Is there really a Big Brother ?

I often discuss with customers the suspicion and rumours about Windows XP and other versions of Microsoft or other commercial software being designed to permit eavesdropping by governments. I recently came accross interesting facts in a cryptography discussion.

While Enigmail integration to Mozilla was being discussed, an enhancement proposed in 1999 was brought to light and comment #138 highlights some quotes from the Interception Capabilities 2000 report published by the European Parliament at the time (1999!).

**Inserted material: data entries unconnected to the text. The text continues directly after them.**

(* Let $\mathfrak{R}$ be a complete rewriting system on $\Sigma$ and let $w\in\Sigma^*$. Assume that $\mathrm{Allseq}(w)$ terminates. If there are no cyclical overlaps and no cyclical inclusions in $\mathrm{Allseq}(w)$, then $\mathrm{Allseq}(w)$ converges.
   Context: $\Sigma^*$ is the free monoid on $\Sigma$; a rewriting system is a set of rules $l\to r$ with $l,r\in\Sigma^*$, complete meaning terminating and confluent; $plq\to prq$ is one rewriting step. $u\simeq v$ means $u=ab$, $v=ba$ for some words $a,b$ (cyclic conjugates). $u\rightsquigarrow v$ means some cyclic conjugate $\tilde u$ of $u$ (possibly $u$) satisfies $\tilde u\to v$; $\rightsquigarrow^*$ is its reflexive–transitive closure. A word is cyclically irreducible if it and all its cyclic conjugates are irreducible. $\mathrm{Allseq}(w)$ is the set of all sequences of cyclical reductions $u_1\rightsquigarrow u_2\rightsquigarrow\cdots$ with $u_1$ a cyclic conjugate of $w$; it terminates if none of them is infinite, and converges if, up to $\simeq$, a unique cyclically irreducible word is reached in it. There is a cyclical overlap between two rules of $\mathfrak{R}$ if they have the form $xuy\to u'$ and $yvx\to v'$ with $u',v'$ words, $u,v,x,y$ non-empty words, and $u'v$, $v'u$ not cyclic conjugates. There is a cyclical inclusion between rules $l\to v$ and $l'\to v'$ if either $l'\simeq l$ and $v,v'$ are not cyclic conjugates, or $l'$ is a proper subword of a cyclic conjugate $\ell_1$ of $l$, written $\ell_1=ul'$ with $u$ non-empty, and $v$ and $uv'$ are not cyclic conjugates. "No cyclical overlaps and no cyclical inclusions in $\mathrm{Allseq}(w)$" means that for no word $u$ occurring in a sequence of $\mathrm{Allseq}(w)$ are there rules $r_1,r_2$, each applicable to some cyclic conjugate of $u$, with a cyclical overlap or a cyclical inclusion between $r_1$ and $r_2$. *)

theory Defs
  imports Main
begin

type_synonym 'a rule = "'a list \<times> 'a list"

definition rstep :: "'a rule set \<Rightarrow> ('a list \<times> 'a list) set" where
  "rstep R = {(p @ l @ q, p @ r @ q) | p l r q. (l, r) \<in> R}"

definition terminating :: "'a rule set \<Rightarrow> bool" where
  "terminating R \<longleftrightarrow> wf ((rstep R)\<inverse>)"

definition confluent :: "'a rule set \<Rightarrow> bool" where
  "confluent R \<longleftrightarrow> (\<forall>a b c. (a, b) \<in> (rstep R)\<^sup>* \<and> (a, c) \<in> (rstep R)\<^sup>* \<longrightarrow>
      (\<exists>d. (b, d) \<in> (rstep R)\<^sup>* \<and> (c, d) \<in> (rstep R)\<^sup>*))"

definition complete :: "'a rule set \<Rightarrow> bool" where
  "complete R \<longleftrightarrow> terminating R \<and> confluent R"

definition cyc_conj :: "'a list \<Rightarrow> 'a list \<Rightarrow> bool" where
  "cyc_conj u v \<longleftrightarrow> (\<exists>a b. u = a @ b \<and> v = b @ a)"

definition irreducible :: "'a rule set \<Rightarrow> 'a list \<Rightarrow> bool" where
  "irreducible R u \<longleftrightarrow> (\<nexists>v. (u, v) \<in> rstep R)"

definition cyc_irreducible :: "'a rule set \<Rightarrow> 'a list \<Rightarrow> bool" where
  "cyc_irreducible R u \<longleftrightarrow> (\<forall>u'. cyc_conj u u' \<longrightarrow> irreducible R u')"

definition cyc_red :: "'a rule set \<Rightarrow> 'a list \<Rightarrow> 'a list \<Rightarrow> bool" where
  "cyc_red R u v \<longleftrightarrow> (\<exists>u'. cyc_conj u u' \<and> (u', v) \<in> rstep R)"

definition allseq_terminates :: "'a rule set \<Rightarrow> 'a list \<Rightarrow> bool" where
  "allseq_terminates R w \<longleftrightarrow>
     \<not> (\<exists>f :: nat \<Rightarrow> 'a list. cyc_conj w (f 0) \<and> (\<forall>n. cyc_red R (f n) (f (Suc n))))"

definition allseq_words :: "'a rule set \<Rightarrow> 'a list \<Rightarrow> 'a list set" where
  "allseq_words R w = {u. \<exists>u1. cyc_conj w u1 \<and> (cyc_red R)\<^sup>*\<^sup>* u1 u}"

definition allseq_converges :: "'a rule set \<Rightarrow> 'a list \<Rightarrow> bool" where
  "allseq_converges R w \<longleftrightarrow>
     (\<exists>z \<in> allseq_words R w. cyc_irreducible R z \<and>
        (\<forall>z' \<in> allseq_words R w. cyc_irreducible R z' \<longrightarrow> cyc_conj z z'))"

definition applicable :: "'a rule \<Rightarrow> 'a list \<Rightarrow> bool" where
  "applicable \<rho> u \<longleftrightarrow> (\<exists>p q. u = p @ fst \<rho> @ q)"

definition cyc_overlap :: "'a rule \<Rightarrow> 'a rule \<Rightarrow> bool" where
  "cyc_overlap \<rho>1 \<rho>2 \<longleftrightarrow>
     (\<exists>x u y v. x \<noteq> [] \<and> u \<noteq> [] \<and> y \<noteq> [] \<and> v \<noteq> [] \<and>
        fst \<rho>1 = x @ u @ y \<and> fst \<rho>2 = y @ v @ x \<and>
        \<not> cyc_conj (snd \<rho>1 @ v) (snd \<rho>2 @ u))"

definition cyc_inclusion :: "'a rule \<Rightarrow> 'a rule \<Rightarrow> bool" where
  "cyc_inclusion \<rho>1 \<rho>2 \<longleftrightarrow>
     (cyc_conj (fst \<rho>2) (fst \<rho>1) \<and> \<not> cyc_conj (snd \<rho>1) (snd \<rho>2)) \<or>
     (\<exists>l1 u. cyc_conj (fst \<rho>1) l1 \<and> u \<noteq> [] \<and> l1 = u @ fst \<rho>2 \<and>
        \<not> cyc_conj (snd \<rho>1) (u @ snd \<rho>2))"

definition no_cyc_overlap_inclusion :: "'a rule set \<Rightarrow> 'a list \<Rightarrow> bool" where
  "no_cyc_overlap_inclusion R w \<longleftrightarrow>
     (\<forall>u \<in> allseq_words R w. \<forall>\<rho>1 \<in> R. \<forall>\<rho>2 \<in> R.
        (\<exists>u1. cyc_conj u u1 \<and> applicable \<rho>1 u1) \<and>
        (\<exists>u2. cyc_conj u u2 \<and> applicable \<rho>2 u2) \<longrightarrow>
        \<not> cyc_overlap \<rho>1 \<rho>2 \<and> \<not> cyc_inclusion \<rho>1 \<rho>2)"

end

theory Submission
  imports Defs
begin

(* A cyclical reduction of u depends only on the conjugacy class of u, so Allseq(w) is
   governed by the relation \<rightsquigarrow> taken modulo cyclic conjugacy, and the theorem is Newman's
   lemma for rewriting modulo an equivalence: termination plus local confluence modulo
   conjugacy give uniqueness of cyclically irreducible forms up to conjugacy.
   For local confluence, rotate the two reduced conjugates of u so that their redexes come
   first: l1 s1 and l2 s2, which are cyclic conjugates of each other.
   If some rotation contains both redexes as factors of one linear word, confluence of R joins
   the two results. Otherwise the redexes wrap around each other, l1 = c s2 d and
   l2 = d s1 c, which is a cyclical overlap (s1, s2 non-empty) or a cyclical inclusion
   (s1 or s2 empty); since there is none, the two results are cyclic conjugates. *)

lemma cyc_conj_iff_rotate: "cyc_conj u v \<longleftrightarrow> (\<exists>n. v = rotate n u)"
proof
  assume "cyc_conj u v"
  then obtain a b where "u = a @ b" "v = b @ a"
    unfolding cyc_conj_def by blast
  then show "\<exists>n. v = rotate n u"
    by (metis rotate_append)
next
  assume "\<exists>n. v = rotate n u"
  then show "cyc_conj u v"
    unfolding cyc_conj_def by (metis append_take_drop_id rotate_drop_take)
qed

lemma cyc_conj_refl: "cyc_conj u u"
  unfolding cyc_conj_iff_rotate by (metis rotate0 id_apply)

lemma cyc_conj_sym: "cyc_conj u v \<Longrightarrow> cyc_conj v u"
  unfolding cyc_conj_def by blast

lemma cyc_conj_trans: "cyc_conj u v \<Longrightarrow> cyc_conj v x \<Longrightarrow> cyc_conj u x"
  unfolding cyc_conj_iff_rotate by (metis rotate_rotate)

lemma cyc_conj_swap: "cyc_conj (a @ b) (b @ a)"
  unfolding cyc_conj_def by blast

lemma rstepI: "(l, r) \<in> R \<Longrightarrow> (p @ l @ q, p @ r @ q) \<in> rstep R"
  unfolding rstep_def by blast

lemma rstep_imp_cyc_red: "(u, v) \<in> rstep R \<Longrightarrow> cyc_red R u v"
  unfolding cyc_red_def using cyc_conj_refl by blast

lemma rtrancl_rstep_imp_rtranclp_cyc_red: "(u, v) \<in> (rstep R)\<^sup>* \<Longrightarrow> (cyc_red R)\<^sup>*\<^sup>* u v"
  by (induction rule: rtrancl_induct) (auto intro: rtranclp.rtrancl_into_rtrancl rstep_imp_cyc_red)

lemma cyc_red_cyc_conj_left: "cyc_conj u u' \<Longrightarrow> cyc_red R u' v \<Longrightarrow> cyc_red R u v"
  unfolding cyc_red_def by (meson cyc_conj_trans)

lemma cyc_irreducible_iff_no_cyc_red: "cyc_irreducible R u \<longleftrightarrow> (\<nexists>v. cyc_red R u v)"
  unfolding cyc_irreducible_def irreducible_def cyc_red_def by blast

(* Reduction modulo cyclic conjugacy. A single final conjugation suffices, because a cyclical
   reduction may be applied to any conjugate of its source (cyc_red_cyc_conj_left). *)
definition cyc_reach :: "'a rule set \<Rightarrow> 'a list \<Rightarrow> 'a list \<Rightarrow> bool" where
  "cyc_reach R u x \<longleftrightarrow> (\<exists>y. (cyc_red R)\<^sup>*\<^sup>* u y \<and> cyc_conj y x)"

definition cyc_joinable :: "'a rule set \<Rightarrow> 'a list \<Rightarrow> 'a list \<Rightarrow> bool" where
  "cyc_joinable R x y \<longleftrightarrow> (\<exists>d. cyc_reach R x d \<and> cyc_reach R y d)"

lemma cyc_reach_if_cyc_conj: "cyc_conj u x \<Longrightarrow> cyc_reach R u x"
  unfolding cyc_reach_def by blast

lemma cyc_reach_if_rtranclp: "(cyc_red R)\<^sup>*\<^sup>* u x \<Longrightarrow> cyc_reach R u x"
  unfolding cyc_reach_def using cyc_conj_refl by blast

lemma cyc_reach_trans:
  assumes "cyc_reach R u x" and "cyc_reach R x z"
  shows "cyc_reach R u z"
proof -
  obtain y where uy: "(cyc_red R)\<^sup>*\<^sup>* u y" and "cyc_conj y x"
    using assms(1) unfolding cyc_reach_def by blast
  obtain y' where xy': "(cyc_red R)\<^sup>*\<^sup>* x y'" and "cyc_conj y' z"
    using assms(2) unfolding cyc_reach_def by blast
  from xy' show ?thesis
  proof (cases rule: converse_rtranclpE)
    case base
    then show ?thesis
      using uy \<open>cyc_conj y x\<close> \<open>cyc_conj y' z\<close> cyc_conj_trans unfolding cyc_reach_def by blast
  next
    case (step x1)
    have "cyc_red R y x1"
      using cyc_red_cyc_conj_left[OF \<open>cyc_conj y x\<close> step(1)] .
    with uy step(2) have "(cyc_red R)\<^sup>*\<^sup>* u y'"
      by (meson rtranclp.rtrancl_into_rtrancl rtranclp_trans)
    with \<open>cyc_conj y' z\<close> show ?thesis
      unfolding cyc_reach_def by blast
  qed
qed

lemma cyc_reach_from_cyc_irreducible:
  "\<nexists>v. cyc_red R z v \<Longrightarrow> cyc_reach R z x \<Longrightarrow> cyc_conj z x"
  unfolding cyc_reach_def by (metis converse_rtranclpE)

lemma cyc_joinable_if_cyc_conj: "cyc_conj x y \<Longrightarrow> cyc_joinable R x y"
  unfolding cyc_joinable_def using cyc_reach_if_cyc_conj cyc_conj_refl by blast

lemma cyc_joinable_cyc_conj:
  "cyc_conj x x' \<Longrightarrow> cyc_conj y y' \<Longrightarrow> cyc_joinable R x y \<Longrightarrow> cyc_joinable R x' y'"
  unfolding cyc_joinable_def
  by (meson cyc_conj_sym cyc_reach_if_cyc_conj cyc_reach_trans)

lemma cyc_joinable_linear_critical_pair:
  assumes "confluent R" and "(l1, r1) \<in> R" and "(l2, r2) \<in> R"
    and "p1 @ l1 @ q1 = p2 @ l2 @ q2"
    and "cyc_conj (p1 @ r1 @ q1) x" and "cyc_conj (p2 @ r2 @ q2) y"
  shows "cyc_joinable R x y"
proof -
  have "(p1 @ l1 @ q1, p1 @ r1 @ q1) \<in> (rstep R)\<^sup>*" "(p1 @ l1 @ q1, p2 @ r2 @ q2) \<in> (rstep R)\<^sup>*"
    using rstepI[OF assms(2), of p1 q1] rstepI[OF assms(3), of p2 q2] assms(4) by auto
  then obtain d where "(p1 @ r1 @ q1, d) \<in> (rstep R)\<^sup>*" "(p2 @ r2 @ q2, d) \<in> (rstep R)\<^sup>*"
    using \<open>confluent R\<close> unfolding confluent_def by blast
  then have "cyc_joinable R (p1 @ r1 @ q1) (p2 @ r2 @ q2)"
    unfolding cyc_joinable_def by (blast intro: cyc_reach_if_rtranclp rtrancl_rstep_imp_rtranclp_cyc_red)
  with assms(5,6) show ?thesis
    by (rule cyc_joinable_cyc_conj)
qed

lemma cyc_conj_wrapping_critical_pair:
  assumes "\<not> cyc_overlap (l1, r1) (l2, r2)"
    and "\<not> cyc_inclusion (l1, r1) (l2, r2)" and "\<not> cyc_inclusion (l2, r2) (l1, r1)"
    and l1: "l1 = c @ s2 @ d" and l2: "l2 = d @ s1 @ c" and "c \<noteq> []" and "d \<noteq> []"
  shows "cyc_conj (r1 @ s1) (r2 @ s2)"
proof (cases "s1 = []"; cases "s2 = []")
  assume "s1 = []" "s2 = []"
  then have "cyc_conj l2 l1"
    using l1 l2 cyc_conj_swap[of d c] by simp
  then show ?thesis
    using assms(2) \<open>s1 = []\<close> \<open>s2 = []\<close> unfolding cyc_inclusion_def by auto
next
  assume "s1 = []" "s2 \<noteq> []"
  then have "cyc_conj l1 (s2 @ l2)"
    using l1 l2 cyc_conj_swap[of c "s2 @ d"] by simp
  then have "cyc_conj r1 (s2 @ r2)"
    using assms(2) \<open>s2 \<noteq> []\<close> unfolding cyc_inclusion_def by auto
  then show ?thesis
    using \<open>s1 = []\<close> cyc_conj_trans cyc_conj_swap by fastforce
next
  assume "s1 \<noteq> []" "s2 = []"
  then have "cyc_conj l2 (s1 @ l1)"
    using l1 l2 cyc_conj_swap[of d "s1 @ c"] by simp
  then have "cyc_conj r2 (s1 @ r1)"
    using assms(3) \<open>s1 \<noteq> []\<close> unfolding cyc_inclusion_def by auto
  then show ?thesis
    using \<open>s2 = []\<close> cyc_conj_trans cyc_conj_swap cyc_conj_sym by fastforce
next
  assume "s1 \<noteq> []" "s2 \<noteq> []"
  then show ?thesis
    using assms(1) \<open>c \<noteq> []\<close> \<open>d \<noteq> []\<close> l1 l2 unfolding cyc_overlap_def
    by (metis fst_conv snd_conv)
qed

Some quotes ought to help us decide which encryption and software to trust:

From the 1940s to date, NSA has undermined the effectiveness of cryptographic systems made or used in Europe.[…]NSA arranged to rig encryption systems sold by Crypto AG, enabling UK / USA agencies to read the coded diplomatic and military traffic of more than 130 countries.[…]The purpose of NSA’s interventions were to ensure that while its coding systems should appear secure to other cryptologists, it was not secure.[…]in 1995, when NSA became concerned about cryptographic security systems being built into Internet and E-mail software by Microsoft, Netscape and Lotus. The companies agreed to adapt their software to reduce the level of security provided to users outside the United States. In the case of Lotus Notes,which includes a secure e-mail system, the built-in cryptographic system.[…]It follows that almost every computer in Europe has, as a built-in standard feature, an NSA workfactor reduction system to enable NSA (alone) to break the user’s code and read secure messages uses a 64 bit encryption key. This provides a medium level of security, which might at present only be broken by NSA in months or years.

Old news ? I think so, but it’s just an example of how governements and corporations can do something different than they tell their citizens and customers.